BEGIN Given data
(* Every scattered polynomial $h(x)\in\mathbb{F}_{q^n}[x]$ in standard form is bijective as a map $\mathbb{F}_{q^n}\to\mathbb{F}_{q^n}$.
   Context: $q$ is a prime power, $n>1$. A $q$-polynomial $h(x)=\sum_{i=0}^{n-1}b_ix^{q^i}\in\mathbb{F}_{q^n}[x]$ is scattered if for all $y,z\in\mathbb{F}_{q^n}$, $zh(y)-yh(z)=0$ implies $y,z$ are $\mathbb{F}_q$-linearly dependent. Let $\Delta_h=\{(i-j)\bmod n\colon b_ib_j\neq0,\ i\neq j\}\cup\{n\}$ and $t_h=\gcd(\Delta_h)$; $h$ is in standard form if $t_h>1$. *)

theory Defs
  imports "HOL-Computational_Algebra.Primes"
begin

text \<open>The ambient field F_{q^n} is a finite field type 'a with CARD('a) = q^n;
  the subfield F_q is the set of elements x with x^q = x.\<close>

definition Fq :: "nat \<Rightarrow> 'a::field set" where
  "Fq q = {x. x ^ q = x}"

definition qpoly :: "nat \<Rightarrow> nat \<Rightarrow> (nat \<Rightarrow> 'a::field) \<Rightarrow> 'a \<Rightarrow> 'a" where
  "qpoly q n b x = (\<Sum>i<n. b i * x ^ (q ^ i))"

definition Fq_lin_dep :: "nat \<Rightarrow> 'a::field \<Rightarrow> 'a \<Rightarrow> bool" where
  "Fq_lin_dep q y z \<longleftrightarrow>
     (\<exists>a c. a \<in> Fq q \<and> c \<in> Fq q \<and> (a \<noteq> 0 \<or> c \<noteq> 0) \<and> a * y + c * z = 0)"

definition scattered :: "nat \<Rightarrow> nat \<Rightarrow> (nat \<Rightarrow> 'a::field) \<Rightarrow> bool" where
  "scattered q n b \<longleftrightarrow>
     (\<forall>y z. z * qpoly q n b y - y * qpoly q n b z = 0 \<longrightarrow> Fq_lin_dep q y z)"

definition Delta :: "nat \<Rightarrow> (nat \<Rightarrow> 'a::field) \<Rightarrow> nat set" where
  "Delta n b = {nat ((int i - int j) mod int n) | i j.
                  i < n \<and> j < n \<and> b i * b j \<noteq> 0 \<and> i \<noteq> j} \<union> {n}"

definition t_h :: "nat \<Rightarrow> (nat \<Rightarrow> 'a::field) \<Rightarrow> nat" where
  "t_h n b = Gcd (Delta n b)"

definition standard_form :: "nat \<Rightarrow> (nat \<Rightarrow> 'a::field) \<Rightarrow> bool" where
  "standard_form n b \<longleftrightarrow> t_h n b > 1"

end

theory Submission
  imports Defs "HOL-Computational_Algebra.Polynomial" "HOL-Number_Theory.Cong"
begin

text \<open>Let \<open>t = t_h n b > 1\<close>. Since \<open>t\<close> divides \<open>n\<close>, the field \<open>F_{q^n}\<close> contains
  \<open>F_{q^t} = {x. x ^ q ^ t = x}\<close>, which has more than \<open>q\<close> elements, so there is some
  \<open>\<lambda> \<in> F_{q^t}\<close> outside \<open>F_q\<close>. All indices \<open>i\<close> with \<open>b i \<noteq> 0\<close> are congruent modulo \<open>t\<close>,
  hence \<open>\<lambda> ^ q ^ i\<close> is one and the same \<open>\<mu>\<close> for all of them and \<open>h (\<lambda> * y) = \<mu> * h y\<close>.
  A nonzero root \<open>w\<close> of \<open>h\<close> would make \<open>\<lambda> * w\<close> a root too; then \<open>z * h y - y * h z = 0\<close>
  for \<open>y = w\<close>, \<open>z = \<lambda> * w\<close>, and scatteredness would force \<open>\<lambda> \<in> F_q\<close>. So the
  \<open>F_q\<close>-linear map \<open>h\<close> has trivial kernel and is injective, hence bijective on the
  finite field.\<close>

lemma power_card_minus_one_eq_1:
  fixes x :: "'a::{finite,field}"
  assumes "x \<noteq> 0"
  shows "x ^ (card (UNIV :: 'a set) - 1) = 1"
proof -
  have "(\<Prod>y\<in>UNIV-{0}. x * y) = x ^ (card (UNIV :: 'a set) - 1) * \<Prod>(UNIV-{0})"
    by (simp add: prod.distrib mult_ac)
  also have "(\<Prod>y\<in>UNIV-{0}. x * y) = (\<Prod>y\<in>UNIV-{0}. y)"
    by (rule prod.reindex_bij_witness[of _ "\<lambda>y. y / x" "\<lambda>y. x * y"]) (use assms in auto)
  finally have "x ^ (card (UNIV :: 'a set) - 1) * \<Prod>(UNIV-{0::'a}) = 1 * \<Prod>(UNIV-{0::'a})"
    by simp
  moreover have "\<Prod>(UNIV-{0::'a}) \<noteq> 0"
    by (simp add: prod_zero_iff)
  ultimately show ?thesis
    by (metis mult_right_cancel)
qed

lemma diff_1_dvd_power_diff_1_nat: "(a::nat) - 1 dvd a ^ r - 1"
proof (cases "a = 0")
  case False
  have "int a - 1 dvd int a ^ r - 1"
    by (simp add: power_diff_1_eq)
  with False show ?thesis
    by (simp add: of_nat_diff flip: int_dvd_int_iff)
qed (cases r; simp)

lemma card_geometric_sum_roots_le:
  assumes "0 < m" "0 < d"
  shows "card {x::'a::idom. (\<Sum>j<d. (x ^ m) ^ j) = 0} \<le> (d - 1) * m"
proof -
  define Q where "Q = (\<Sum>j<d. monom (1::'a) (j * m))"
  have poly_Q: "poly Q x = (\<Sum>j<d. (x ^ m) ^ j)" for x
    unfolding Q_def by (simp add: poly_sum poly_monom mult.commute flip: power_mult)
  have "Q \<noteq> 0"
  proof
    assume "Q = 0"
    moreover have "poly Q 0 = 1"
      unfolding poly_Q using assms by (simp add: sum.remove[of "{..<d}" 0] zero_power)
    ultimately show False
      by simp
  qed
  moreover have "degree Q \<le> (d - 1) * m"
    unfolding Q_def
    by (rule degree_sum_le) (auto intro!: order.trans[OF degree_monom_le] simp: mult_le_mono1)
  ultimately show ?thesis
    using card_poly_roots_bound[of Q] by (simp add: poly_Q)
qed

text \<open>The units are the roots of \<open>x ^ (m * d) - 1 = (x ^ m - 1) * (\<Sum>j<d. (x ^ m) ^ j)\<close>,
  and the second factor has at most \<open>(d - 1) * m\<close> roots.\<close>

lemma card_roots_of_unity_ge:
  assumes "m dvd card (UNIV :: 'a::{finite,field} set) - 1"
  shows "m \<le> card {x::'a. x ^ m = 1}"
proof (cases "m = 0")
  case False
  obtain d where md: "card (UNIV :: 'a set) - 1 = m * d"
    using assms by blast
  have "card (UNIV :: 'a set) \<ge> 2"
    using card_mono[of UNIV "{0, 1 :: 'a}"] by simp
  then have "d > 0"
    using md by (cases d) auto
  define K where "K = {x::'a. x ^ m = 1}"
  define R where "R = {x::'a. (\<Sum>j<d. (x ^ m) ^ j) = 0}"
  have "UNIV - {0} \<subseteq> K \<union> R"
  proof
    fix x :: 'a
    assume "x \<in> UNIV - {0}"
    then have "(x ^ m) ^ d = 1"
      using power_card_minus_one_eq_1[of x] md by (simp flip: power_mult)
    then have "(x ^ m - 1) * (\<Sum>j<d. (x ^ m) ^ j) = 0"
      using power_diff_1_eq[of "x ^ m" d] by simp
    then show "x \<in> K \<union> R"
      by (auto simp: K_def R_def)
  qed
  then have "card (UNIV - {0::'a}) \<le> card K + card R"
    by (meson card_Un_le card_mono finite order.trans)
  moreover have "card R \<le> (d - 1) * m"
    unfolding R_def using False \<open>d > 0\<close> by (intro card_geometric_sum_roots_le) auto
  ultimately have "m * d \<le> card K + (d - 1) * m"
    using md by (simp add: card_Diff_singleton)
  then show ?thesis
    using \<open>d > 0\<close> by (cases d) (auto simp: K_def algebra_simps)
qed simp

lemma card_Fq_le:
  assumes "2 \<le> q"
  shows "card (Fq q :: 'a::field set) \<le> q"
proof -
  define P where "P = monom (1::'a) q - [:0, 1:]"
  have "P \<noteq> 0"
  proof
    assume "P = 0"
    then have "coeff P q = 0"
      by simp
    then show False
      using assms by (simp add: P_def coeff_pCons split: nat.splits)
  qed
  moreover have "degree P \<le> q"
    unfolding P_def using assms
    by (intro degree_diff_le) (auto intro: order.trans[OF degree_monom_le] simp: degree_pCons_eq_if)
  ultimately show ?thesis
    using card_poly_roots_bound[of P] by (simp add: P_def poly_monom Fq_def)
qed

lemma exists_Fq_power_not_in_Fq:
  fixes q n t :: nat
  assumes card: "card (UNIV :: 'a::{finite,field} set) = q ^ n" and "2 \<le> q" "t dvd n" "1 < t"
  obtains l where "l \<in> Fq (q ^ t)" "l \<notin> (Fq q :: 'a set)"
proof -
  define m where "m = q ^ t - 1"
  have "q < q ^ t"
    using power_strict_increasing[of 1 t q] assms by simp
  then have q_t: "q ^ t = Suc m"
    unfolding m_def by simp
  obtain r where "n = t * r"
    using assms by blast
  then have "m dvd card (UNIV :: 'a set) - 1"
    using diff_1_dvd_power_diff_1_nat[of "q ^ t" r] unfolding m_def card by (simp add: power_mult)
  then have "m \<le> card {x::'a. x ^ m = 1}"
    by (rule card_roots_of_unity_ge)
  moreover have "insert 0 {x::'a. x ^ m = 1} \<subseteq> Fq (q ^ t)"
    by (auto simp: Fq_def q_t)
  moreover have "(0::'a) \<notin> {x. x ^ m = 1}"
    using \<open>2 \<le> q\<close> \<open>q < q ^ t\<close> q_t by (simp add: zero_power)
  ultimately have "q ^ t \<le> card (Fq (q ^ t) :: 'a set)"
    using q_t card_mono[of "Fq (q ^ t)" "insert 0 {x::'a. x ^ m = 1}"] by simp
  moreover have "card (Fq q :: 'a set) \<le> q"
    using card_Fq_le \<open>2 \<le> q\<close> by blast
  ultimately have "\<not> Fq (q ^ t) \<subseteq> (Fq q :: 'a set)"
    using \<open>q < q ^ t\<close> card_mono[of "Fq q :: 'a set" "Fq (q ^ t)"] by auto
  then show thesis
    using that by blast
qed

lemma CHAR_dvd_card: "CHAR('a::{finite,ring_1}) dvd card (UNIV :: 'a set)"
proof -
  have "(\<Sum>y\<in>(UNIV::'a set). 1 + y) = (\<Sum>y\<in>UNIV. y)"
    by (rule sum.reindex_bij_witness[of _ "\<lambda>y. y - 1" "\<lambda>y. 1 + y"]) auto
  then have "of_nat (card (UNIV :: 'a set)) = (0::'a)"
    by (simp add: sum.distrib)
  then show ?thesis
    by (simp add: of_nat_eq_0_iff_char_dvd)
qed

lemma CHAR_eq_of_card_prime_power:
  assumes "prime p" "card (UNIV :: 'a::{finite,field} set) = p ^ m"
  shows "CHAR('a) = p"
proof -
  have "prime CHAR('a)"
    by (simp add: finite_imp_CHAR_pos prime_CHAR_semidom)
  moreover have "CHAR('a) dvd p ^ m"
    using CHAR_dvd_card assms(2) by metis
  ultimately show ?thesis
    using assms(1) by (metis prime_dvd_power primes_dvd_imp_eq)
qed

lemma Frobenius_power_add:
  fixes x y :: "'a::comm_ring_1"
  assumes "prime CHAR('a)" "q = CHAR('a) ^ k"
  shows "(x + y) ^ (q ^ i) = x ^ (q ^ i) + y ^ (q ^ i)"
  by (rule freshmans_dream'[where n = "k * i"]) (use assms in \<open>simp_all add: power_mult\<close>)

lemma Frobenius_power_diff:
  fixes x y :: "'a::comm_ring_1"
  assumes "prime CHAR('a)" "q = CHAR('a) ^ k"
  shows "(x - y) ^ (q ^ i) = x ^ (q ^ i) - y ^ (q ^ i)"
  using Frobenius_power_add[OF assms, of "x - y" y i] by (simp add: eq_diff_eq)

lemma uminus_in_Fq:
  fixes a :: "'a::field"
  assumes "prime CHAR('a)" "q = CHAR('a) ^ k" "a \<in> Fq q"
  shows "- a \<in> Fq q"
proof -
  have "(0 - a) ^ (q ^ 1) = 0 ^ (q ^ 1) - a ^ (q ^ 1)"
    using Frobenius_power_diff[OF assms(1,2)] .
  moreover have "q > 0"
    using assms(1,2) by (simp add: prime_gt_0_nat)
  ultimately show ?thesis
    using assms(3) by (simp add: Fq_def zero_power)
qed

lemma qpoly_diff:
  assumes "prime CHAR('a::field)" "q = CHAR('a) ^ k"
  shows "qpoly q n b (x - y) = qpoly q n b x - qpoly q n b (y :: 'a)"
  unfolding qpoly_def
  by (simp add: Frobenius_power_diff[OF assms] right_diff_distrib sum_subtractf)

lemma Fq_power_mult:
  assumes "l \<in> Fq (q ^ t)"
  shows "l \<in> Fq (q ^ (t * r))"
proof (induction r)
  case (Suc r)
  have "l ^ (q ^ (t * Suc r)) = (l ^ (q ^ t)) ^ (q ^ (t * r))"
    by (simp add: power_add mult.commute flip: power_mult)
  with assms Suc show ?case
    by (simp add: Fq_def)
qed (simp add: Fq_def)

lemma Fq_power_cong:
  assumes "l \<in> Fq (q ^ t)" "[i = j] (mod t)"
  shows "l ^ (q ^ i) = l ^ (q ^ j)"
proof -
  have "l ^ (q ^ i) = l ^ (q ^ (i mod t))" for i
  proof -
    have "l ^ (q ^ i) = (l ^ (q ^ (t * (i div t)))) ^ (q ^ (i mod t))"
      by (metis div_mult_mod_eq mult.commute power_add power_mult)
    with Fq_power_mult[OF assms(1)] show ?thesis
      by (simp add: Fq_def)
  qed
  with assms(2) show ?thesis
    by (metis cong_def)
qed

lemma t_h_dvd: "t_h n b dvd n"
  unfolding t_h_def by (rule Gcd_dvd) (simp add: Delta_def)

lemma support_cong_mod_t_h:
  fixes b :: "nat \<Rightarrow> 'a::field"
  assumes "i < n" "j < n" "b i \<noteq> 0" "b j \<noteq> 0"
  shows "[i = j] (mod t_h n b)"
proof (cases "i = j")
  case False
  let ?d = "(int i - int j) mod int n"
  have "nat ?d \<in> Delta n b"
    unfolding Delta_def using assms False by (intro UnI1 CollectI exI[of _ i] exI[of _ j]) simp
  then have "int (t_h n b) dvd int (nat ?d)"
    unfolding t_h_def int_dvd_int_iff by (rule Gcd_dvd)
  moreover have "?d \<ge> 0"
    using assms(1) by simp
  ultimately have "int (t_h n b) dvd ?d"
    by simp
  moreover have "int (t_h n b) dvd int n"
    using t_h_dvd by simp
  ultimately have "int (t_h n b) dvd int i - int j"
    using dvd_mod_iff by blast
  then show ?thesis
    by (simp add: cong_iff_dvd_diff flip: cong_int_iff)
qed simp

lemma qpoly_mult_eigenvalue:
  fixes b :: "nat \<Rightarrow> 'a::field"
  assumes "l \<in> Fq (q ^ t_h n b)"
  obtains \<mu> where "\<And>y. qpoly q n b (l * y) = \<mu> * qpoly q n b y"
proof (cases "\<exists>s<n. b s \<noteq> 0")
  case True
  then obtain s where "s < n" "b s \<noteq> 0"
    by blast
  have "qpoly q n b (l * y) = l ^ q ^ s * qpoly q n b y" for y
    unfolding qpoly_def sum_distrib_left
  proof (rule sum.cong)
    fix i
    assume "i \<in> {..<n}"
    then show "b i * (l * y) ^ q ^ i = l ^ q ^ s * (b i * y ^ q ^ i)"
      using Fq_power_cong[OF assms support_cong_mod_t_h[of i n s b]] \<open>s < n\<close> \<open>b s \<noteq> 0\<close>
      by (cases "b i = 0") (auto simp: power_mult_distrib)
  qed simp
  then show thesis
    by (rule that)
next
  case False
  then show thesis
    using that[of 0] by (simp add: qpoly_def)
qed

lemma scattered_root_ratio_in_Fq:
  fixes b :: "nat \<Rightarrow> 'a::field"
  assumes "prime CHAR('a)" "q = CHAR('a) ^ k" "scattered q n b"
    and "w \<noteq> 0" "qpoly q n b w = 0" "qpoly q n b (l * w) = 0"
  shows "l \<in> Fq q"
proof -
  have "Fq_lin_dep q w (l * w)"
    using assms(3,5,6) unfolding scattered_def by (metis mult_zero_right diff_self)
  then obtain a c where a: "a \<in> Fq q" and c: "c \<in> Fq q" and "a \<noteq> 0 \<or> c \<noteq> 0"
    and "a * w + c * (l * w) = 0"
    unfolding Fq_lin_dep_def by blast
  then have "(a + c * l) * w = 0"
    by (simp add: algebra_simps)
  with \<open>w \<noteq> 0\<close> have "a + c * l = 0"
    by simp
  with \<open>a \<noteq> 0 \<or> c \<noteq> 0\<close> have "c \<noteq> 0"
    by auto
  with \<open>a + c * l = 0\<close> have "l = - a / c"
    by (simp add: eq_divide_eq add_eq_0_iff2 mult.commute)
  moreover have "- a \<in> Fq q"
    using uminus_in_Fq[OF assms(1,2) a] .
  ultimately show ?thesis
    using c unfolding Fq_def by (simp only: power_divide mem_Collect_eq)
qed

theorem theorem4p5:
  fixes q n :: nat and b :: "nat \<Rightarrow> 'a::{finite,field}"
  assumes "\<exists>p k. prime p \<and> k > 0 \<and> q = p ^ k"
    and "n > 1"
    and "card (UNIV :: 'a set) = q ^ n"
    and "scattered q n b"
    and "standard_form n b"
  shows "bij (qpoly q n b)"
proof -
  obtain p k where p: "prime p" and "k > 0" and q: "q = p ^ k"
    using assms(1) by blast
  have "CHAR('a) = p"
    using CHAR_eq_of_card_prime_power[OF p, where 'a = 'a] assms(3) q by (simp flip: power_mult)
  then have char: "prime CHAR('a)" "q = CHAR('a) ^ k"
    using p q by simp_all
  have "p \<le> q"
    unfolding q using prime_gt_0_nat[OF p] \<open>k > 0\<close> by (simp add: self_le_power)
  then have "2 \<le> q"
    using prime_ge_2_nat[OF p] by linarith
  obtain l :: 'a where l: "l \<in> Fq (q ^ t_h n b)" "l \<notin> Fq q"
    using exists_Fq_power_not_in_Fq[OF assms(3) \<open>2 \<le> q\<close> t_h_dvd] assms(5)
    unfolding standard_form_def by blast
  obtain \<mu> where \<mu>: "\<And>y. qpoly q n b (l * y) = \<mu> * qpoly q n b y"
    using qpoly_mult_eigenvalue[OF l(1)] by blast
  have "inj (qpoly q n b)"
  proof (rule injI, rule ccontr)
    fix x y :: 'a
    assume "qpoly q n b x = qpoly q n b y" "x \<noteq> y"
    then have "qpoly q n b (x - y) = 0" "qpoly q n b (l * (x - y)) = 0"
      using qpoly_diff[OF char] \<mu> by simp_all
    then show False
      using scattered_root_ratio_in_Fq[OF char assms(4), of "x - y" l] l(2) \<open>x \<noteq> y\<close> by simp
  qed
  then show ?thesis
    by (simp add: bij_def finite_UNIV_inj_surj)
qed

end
END Given data
■ Exercise prompt
Reproduce the listing above exactly, but only from its first line through the line holding "the subfield F_q"; both of those lines are included.

■ Response
(* Every scattered polynomial $h(x)\in\mathbb{F}_{q^n}[x]$ in standard form is bijective as a map $\mathbb{F}_{q^n}\to\mathbb{F}_{q^n}$.
   Context: $q$ is a prime power, $n>1$. A $q$-polynomial $h(x)=\sum_{i=0}^{n-1}b_ix^{q^i}\in\mathbb{F}_{q^n}[x]$ is scattered if for all $y,z\in\mathbb{F}_{q^n}$, $zh(y)-yh(z)=0$ implies $y,z$ are $\mathbb{F}_q$-linearly dependent. Let $\Delta_h=\{(i-j)\bmod n\colon b_ib_j\neq0,\ i\neq j\}\cup\{n\}$ and $t_h=\gcd(\Delta_h)$; $h$ is in standard form if $t_h>1$. *)

theory Defs
  imports "HOL-Computational_Algebra.Primes"
begin

text \<open>The ambient field F_{q^n} is a finite field type 'a with CARD('a) = q^n;
  the subfield F_q is the set of elements x with x^q = x.\<close>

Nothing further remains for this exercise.